= Description of the task =
In the entries that follow, copy exactly each line from the first through the line with "e_def min_def field_simps)".

Records excerpted from a collection:
* * * * *

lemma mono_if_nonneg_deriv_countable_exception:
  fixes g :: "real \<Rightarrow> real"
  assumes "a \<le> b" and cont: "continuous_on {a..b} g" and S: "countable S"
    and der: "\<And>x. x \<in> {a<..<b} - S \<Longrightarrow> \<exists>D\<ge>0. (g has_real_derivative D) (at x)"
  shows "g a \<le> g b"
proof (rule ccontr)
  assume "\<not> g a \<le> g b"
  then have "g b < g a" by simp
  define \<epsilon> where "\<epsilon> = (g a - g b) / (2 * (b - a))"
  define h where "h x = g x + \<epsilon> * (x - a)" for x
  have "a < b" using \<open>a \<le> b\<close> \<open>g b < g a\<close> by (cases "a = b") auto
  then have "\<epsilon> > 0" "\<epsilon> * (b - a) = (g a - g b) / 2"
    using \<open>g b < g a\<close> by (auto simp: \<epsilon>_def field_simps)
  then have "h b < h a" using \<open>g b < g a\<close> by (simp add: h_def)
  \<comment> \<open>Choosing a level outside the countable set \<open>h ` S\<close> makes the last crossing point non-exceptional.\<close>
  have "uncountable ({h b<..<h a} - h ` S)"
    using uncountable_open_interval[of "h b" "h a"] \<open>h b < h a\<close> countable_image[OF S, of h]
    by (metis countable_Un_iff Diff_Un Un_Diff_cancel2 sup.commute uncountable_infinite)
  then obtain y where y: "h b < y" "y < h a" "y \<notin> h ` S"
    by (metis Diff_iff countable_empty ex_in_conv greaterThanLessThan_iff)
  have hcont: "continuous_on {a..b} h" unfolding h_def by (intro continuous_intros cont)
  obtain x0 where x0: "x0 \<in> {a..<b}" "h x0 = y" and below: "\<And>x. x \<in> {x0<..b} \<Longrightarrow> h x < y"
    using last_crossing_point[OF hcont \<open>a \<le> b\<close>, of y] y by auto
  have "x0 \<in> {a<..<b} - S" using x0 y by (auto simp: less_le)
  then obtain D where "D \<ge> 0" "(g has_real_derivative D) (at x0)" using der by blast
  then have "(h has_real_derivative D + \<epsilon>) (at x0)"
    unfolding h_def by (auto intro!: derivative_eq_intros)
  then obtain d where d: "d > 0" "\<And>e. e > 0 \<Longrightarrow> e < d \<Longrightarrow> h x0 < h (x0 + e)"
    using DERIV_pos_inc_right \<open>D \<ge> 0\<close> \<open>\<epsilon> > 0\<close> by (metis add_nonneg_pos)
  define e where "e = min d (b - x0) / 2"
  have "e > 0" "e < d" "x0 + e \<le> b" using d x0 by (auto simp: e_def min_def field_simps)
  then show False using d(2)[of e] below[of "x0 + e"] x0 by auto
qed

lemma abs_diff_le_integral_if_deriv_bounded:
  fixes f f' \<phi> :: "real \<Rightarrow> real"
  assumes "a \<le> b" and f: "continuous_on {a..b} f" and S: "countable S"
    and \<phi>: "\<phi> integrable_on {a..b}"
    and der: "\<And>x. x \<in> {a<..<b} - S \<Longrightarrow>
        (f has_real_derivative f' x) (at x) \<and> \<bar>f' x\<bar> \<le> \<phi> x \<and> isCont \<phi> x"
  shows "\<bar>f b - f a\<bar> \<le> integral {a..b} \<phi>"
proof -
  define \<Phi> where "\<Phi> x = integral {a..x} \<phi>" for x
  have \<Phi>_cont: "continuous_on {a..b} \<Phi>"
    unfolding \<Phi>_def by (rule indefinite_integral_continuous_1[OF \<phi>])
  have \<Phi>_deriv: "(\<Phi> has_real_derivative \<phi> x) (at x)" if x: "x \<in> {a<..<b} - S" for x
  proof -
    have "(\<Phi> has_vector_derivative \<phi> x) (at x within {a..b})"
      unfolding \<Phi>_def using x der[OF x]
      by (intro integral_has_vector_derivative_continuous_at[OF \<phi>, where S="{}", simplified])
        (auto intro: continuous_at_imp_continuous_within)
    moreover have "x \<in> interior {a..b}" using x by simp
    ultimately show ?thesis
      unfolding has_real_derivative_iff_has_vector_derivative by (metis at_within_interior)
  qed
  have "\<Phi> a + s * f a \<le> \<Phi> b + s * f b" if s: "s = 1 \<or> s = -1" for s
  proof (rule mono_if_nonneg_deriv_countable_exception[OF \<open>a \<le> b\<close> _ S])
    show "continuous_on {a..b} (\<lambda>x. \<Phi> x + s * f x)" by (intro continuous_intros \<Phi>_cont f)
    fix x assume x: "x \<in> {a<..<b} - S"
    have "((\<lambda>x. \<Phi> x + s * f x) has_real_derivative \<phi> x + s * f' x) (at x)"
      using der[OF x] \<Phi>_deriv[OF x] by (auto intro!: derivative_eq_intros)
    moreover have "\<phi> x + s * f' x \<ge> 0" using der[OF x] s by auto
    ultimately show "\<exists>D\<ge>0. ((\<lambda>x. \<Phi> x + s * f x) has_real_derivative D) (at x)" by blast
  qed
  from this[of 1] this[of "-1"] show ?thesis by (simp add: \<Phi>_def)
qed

* * * * *

= Response for this exercise =
lemma mono_if_nonneg_deriv_countable_exception:
  fixes g :: "real \<Rightarrow> real"
  assumes "a \<le> b" and cont: "continuous_on {a..b} g" and S: "countable S"
    and der: "\<And>x. x \<in> {a<..<b} - S \<Longrightarrow> \<exists>D\<ge>0. (g has_real_derivative D) (at x)"
  shows "g a \<le> g b"
proof (rule ccontr)
  assume "\<not> g a \<le> g b"
  then have "g b < g a" by simp
  define \<epsilon> where "\<epsilon> = (g a - g b) / (2 * (b - a))"
  define h where "h x = g x + \<epsilon> * (x - a)" for x
  have "a < b" using \<open>a \<le> b\<close> \<open>g b < g a\<close> by (cases "a = b") auto
  then have "\<epsilon> > 0" "\<epsilon> * (b - a) = (g a - g b) / 2"
    using \<open>g b < g a\<close> by (auto simp: \<epsilon>_def field_simps)
  then have "h b < h a" using \<open>g b < g a\<close> by (simp add: h_def)
  \<comment> \<open>Choosing a level outside the countable set \<open>h ` S\<close> makes the last crossing point non-exceptional.\<close>
  have "uncountable ({h b<..<h a} - h ` S)"
    using uncountable_open_interval[of "h b" "h a"] \<open>h b < h a\<close> countable_image[OF S, of h]
    by (metis countable_Un_iff Diff_Un Un_Diff_cancel2 sup.commute uncountable_infinite)
  then obtain y where y: "h b < y" "y < h a" "y \<notin> h ` S"
    by (metis Diff_iff countable_empty ex_in_conv greaterThanLessThan_iff)
  have hcont: "continuous_on {a..b} h" unfolding h_def by (intro continuous_intros cont)
  obtain x0 where x0: "x0 \<in> {a..<b}" "h x0 = y" and below: "\<And>x. x \<in> {x0<..b} \<Longrightarrow> h x < y"
    using last_crossing_point[OF hcont \<open>a \<le> b\<close>, of y] y by auto
  have "x0 \<in> {a<..<b} - S" using x0 y by (auto simp: less_le)
  then obtain D where "D \<ge> 0" "(g has_real_derivative D) (at x0)" using der by blast
  then have "(h has_real_derivative D + \<epsilon>) (at x0)"
    unfolding h_def by (auto intro!: derivative_eq_intros)
  then obtain d where d: "d > 0" "\<And>e. e > 0 \<Longrightarrow> e < d \<Longrightarrow> h x0 < h (x0 + e)"
    using DERIV_pos_inc_right \<open>D \<ge> 0\<close> \<open>\<epsilon> > 0\<close> by (metis add_nonneg_pos)
  define e where "e = min d (b - x0) / 2"
  have "e > 0" "e < d" "x0 + e \<le> b" using d x0 by (auto simp: e_def min_def field_simps)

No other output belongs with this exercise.